Hybrid architecture combining NVIDIA Riva Conformer-CTC for real-time streaming ASR with an AWS serverless backend for secure, chunked audio storage and session management.
https://github.com/davidbmar/transcriber-2-pass-riva-conformer-cf-s3-lambda-cognito-adapter-2025-10-14 · public · shipped
A production-grade speech recognition system that splits processing into two paths: a low-latency WebSocket bridge to an NVIDIA Riva GPU instance for immediate transcription, and a robust AWS serverless API (Lambda + S3 + Cognito) for storing raw audio chunks, managing sessions, and finalizing recordings. It bridges the gap between real-time user experience and reliable cloud storage.

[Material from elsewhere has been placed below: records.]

(* Let $\mathbb{F}$ be a field, $0\neq h\in\mathbb{F}[x]$, and let $A=A_h$ be the unital subalgebra of the Weyl algebra $A_1$ generated by $x$ and $\hat y=yh$. Let $\mathsf{D}_2:A\oplus A\to A$, $\mathsf{D}_2(\alpha,\beta)=[\beta,x]+[\hat y,\alpha]-F_\alpha(h)$. Then: (a) $\operatorname{im}\mathsf{D}_2\subseteq\gcd(h,h')A$; (b) if $\operatorname{char}(\mathbb{F})=0$, then $\operatorname{im}\mathsf{D}_2=\gcd(h,h')A$.
   Context: $A_1$ is generated by $x,y$ with $yx-xy=1$, so $\hat yx-x\hat y=h$ in $A$. $[a,b]=ab-ba$. For $\alpha\in A$, $F_\alpha:\mathbb{F}[x]\to A$ is the linear map with $F_\alpha(x^s)=\sum_{\ell=0}^{s-1}x^\ell\alpha x^{s-\ell-1}$ ($F_\alpha(1)=0$). $h'$ is the derivative of $h$; $\gcd$ monic. *)

theory Defs
  imports "HOL-Computational_Algebra.Computational_Algebra"
begin

text \<open>Concrete model of the Weyl algebra A_1 over a field: an element is written in
normal form  sum_j p_j(x) y^j  (coefficients in F[x] on the left, powers of y on the right),
represented as a polynomial in y with coefficients in F[x], i.e. type  'a poly poly.
Multiplication uses  y^j q(x) = sum_t (j choose t) q^(t)(x) y^(j-t),
which encodes the defining relation  yx - xy = 1.\<close>

definition wmult :: "'a::field poly poly \<Rightarrow> 'a poly poly \<Rightarrow> 'a poly poly" where
  "wmult P Q = (\<Sum>j\<le>degree P. \<Sum>l\<le>degree Q. \<Sum>t\<le>j.
      monom (of_nat (j choose t) * coeff P j * ((pderiv ^^ t) (coeff Q l))) (j - t + l))"

definition wcomm :: "'a::field poly poly \<Rightarrow> 'a poly poly \<Rightarrow> 'a poly poly" where
  "wcomm a b = wmult a b - wmult b a"

definition Xw :: "'a::field poly poly" where "Xw = monom [:0, 1:] 0"
definition Yw :: "'a::field poly poly" where "Yw = monom 1 1"
definition xpow :: "nat \<Rightarrow> 'a::field poly poly" where "xpow n = monom (monom 1 n) 0"
definition polyw :: "'a::field poly \<Rightarrow> 'a poly poly" where "polyw p = monom p 0"

definition yhat :: "'a::field poly \<Rightarrow> 'a poly poly" where
  "yhat h = wmult Yw (polyw h)"
lemma is_doctrine_reidx:
  assumes Q: "is_doctrine D Q" and F: "functor C D Fo Fa"
  shows "is_doctrine C (reidx Q Fo Fa)"
  unfolding is_doctrine_def reidx_def doctrine.simps
proof (intro conjI ballI impI)
  fix X a b c assume X: "X \<in> Obj C" and "a \<in> Car Q (Fo X)" "b \<in> Car Q (Fo X)" "c \<in> Car Q (Fo X)"
  with functor_Obj[OF F X] show "Le Q (Fo X) a a"
    and "Le Q (Fo X) a b \<Longrightarrow> Le Q (Fo X) b a \<Longrightarrow> a = b"
    and "Le Q (Fo X) a b \<Longrightarrow> Le Q (Fo X) b c \<Longrightarrow> Le Q (Fo X) a c"
    using doctrine_refl[OF Q] doctrine_antisym[OF Q] doctrine_trans[OF Q] by blast+
  show "Rx Q (Fa (Idm C X)) a = a"
    using functor_Idm[OF F X] doctrine_Rx_Idm[OF Q functor_Obj[OF F X]] \<open>a \<in> Car Q (Fo X)\<close> by simp
next
  fix t a b assume "t \<in> Arr C" "a \<in> Car Q (Fo (Cod C t))" "b \<in> Car Q (Fo (Cod C t))"
  moreover have "Fa t \<in> hom D (Fo (Dom C t)) (Fo (Cod C t))"
    using functor_hom[OF F] \<open>t \<in> Arr C\<close> by (simp add: hom_def)
  ultimately show "Rx Q (Fa t) a \<in> Car Q (Fo (Dom C t))"
    and "Le Q (Fo (Cod C t)) a b \<Longrightarrow> Le Q (Fo (Dom C t)) (Rx Q (Fa t) a) (Rx Q (Fa t) b)"
    using doctrine_Rx_closed[OF Q] doctrine_Rx_mono[OF Q] by blast+
next
  fix f g a assume "f \<in> Arr C" "g \<in> Arr C" "Cod C f = Dom C g" "a \<in> Car Q (Fo (Cod C g))"
  then have f: "f \<in> hom C (Dom C f) (Dom C g)" and g: "g \<in> hom C (Dom C g) (Cod C g)"
    by (simp_all add: hom_def)
  show "Rx Q (Fa (Cmp C g f)) a = Rx Q (Fa f) (Rx Q (Fa g) a)"
    using functor_Cmp[OF F f g] doctrine_Rx_Cmp[OF Q functor_hom[OF F f] functor_hom[OF F g]]
      \<open>a \<in> Car Q (Fo (Cod C g))\<close> by simp
qed

lemma dnat_reidx:
  assumes f: "dnat D P Q f" and F: "functor C D Fo Fa"
  shows "dnat C (reidx P Fo Fa) (reidx Q Fo Fa) (\<lambda>X. f (Fo X))"
  unfolding dnat_def reidx_def doctrine.simps
proof (intro conjI ballI impI)
  fix X a b assume "X \<in> Obj C" "a \<in> Car P (Fo X)" "b \<in> Car P (Fo X)"
  with functor_Obj[OF F] show "f (Fo X) a \<in> Car Q (Fo X)"
    and "Le P (Fo X) a b \<Longrightarrow> Le Q (Fo X) (f (Fo X) a) (f (Fo X) b)"
    by (simp_all add: dnat_closed[OF f] dnat_mono[OF f])
next
  fix t b assume "t \<in> Arr C" "b \<in> Car P (Fo (Cod C t))"
  moreover have "Fa t \<in> hom D (Fo (Dom C t)) (Fo (Cod C t))"
    using functor_hom[OF F] \<open>t \<in> Arr C\<close> by (simp add: hom_def)
  ultimately show "f (Fo (Dom C t)) (Rx P (Fa t) b) = Rx Q (Fa t) (f (Fo (Cod C t)) b)"
    using dnat_natural[OF f] by blast
qed

lemma dnat_Rx_nat_trans:
  assumes C: "category C" and P: "is_doctrine E P"
    and F: "functor C E Fo Fa" and G: "functor C E Go Ga"
    and \<theta>: "\<And>X. X \<in> Obj C \<Longrightarrow> \<theta> X \<in> hom E (Fo X) (Go X)"
    and natural: "\<And>t. t \<in> Arr C \<Longrightarrow> Cmp E (Ga t) (\<theta> (Dom C t)) = Cmp E (\<theta> (Cod C t)) (Fa t)"
  shows "dnat C (reidx P Go Ga) (reidx P Fo Fa) (\<lambda>X. Rx P (\<theta> X))"
  unfolding dnat_def reidx_def doctrine.simps
proof (intro conjI ballI impI)
  fix X a b assume X: "X \<in> Obj C" and "a \<in> Car P (Go X)" "b \<in> Car P (Go X)"
  then show "Rx P (\<theta> X) a \<in> Car P (Fo X)"
    and "Le P (Go X) a b \<Longrightarrow> Le P (Fo X) (Rx P (\<theta> X) a) (Rx P (\<theta> X) b)"
    using doctrine_Rx_closed[OF P \<theta>[OF X]] doctrine_Rx_mono[OF P \<theta>[OF X]] by blast+
next
  fix t b assume t: "t \<in> Arr C" and b: "b \<in> Car P (Go (Cod C t))"
  then have "t \<in> hom C (Dom C t) (Cod C t)" "Dom C t \<in> Obj C" "Cod C t \<in> Obj C"
    using category_Arr_hom[OF C] by blast+
  then have Ft: "Fa t \<in> hom E (Fo (Dom C t)) (Fo (Cod C t))"
    and Gt: "Ga t \<in> hom E (Go (Dom C t)) (Go (Cod C t))"
    and \<theta>s: "\<theta> (Dom C t) \<in> hom E (Fo (Dom C t)) (Go (Dom C t))"
      "\<theta> (Cod C t) \<in> hom E (Fo (Cod C t)) (Go (Cod C t))"
    using functor_hom[OF F] functor_hom[OF G] \<theta> by blast+
  have "Rx P (\<theta> (Dom C t)) (Rx P (Ga t) b) = Rx P (Cmp E (Ga t) (\<theta> (Dom C t))) b"
    using doctrine_Rx_Cmp[OF P \<theta>s(1) Gt b] by simp
  also have "\<dots> = Rx P (Cmp E (\<theta> (Cod C t)) (Fa t)) b"
    using natural[OF t] by simp
  also have "\<dots> = Rx P (Fa t) (Rx P (\<theta> (Cod C t)) b)"
    using doctrine_Rx_Cmp[OF P Ft \<theta>s(2) b] by simp
  finally show "Rx P (\<theta> (Dom C t)) (Rx P (Ga t) b) = Rx P (Fa t) (Rx P (\<theta> (Cod C t)) b)" .
qed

git clone https://github.com/davidbmar/transcriber-2-pass-riva-conformer-cf-s3-lambda-cognito-adapter-2025-10-14 cd transcriber-2-pass-riva-conformer-cf-s3-lambda-cognito-adapter-2025-10-14 cp .env.example .env nano .env ./scripts/010-setup-build-box.sh aws configure ./scripts/020-deploy-gpu-instance.sh ./scripts/100-deploy-conformer-streaming.sh ./scripts/110-setup-websocket-bridge.sh ./scripts/120-setup-https-demo.sh echo "Open: https://$(curl -s ifconfig.me):8444"
flowchart TD
Browser[Browser Microphone] -->|WSS Audio Chunks| WS_Bridge[WebSocket Bridge :8443]
Browser -->|HTTPS API| API_GW[AWS API Gateway]
subgraph Build_Box [Build Box / EC2]
WS_Bridge -->|gRPC Streaming| Riva[RIVA 2.19 Conformer CTC]
Demo[HTTPS Demo UI :8444] --> Browser
end
subgraph AWS_Cloud [AWS Serverless Backend]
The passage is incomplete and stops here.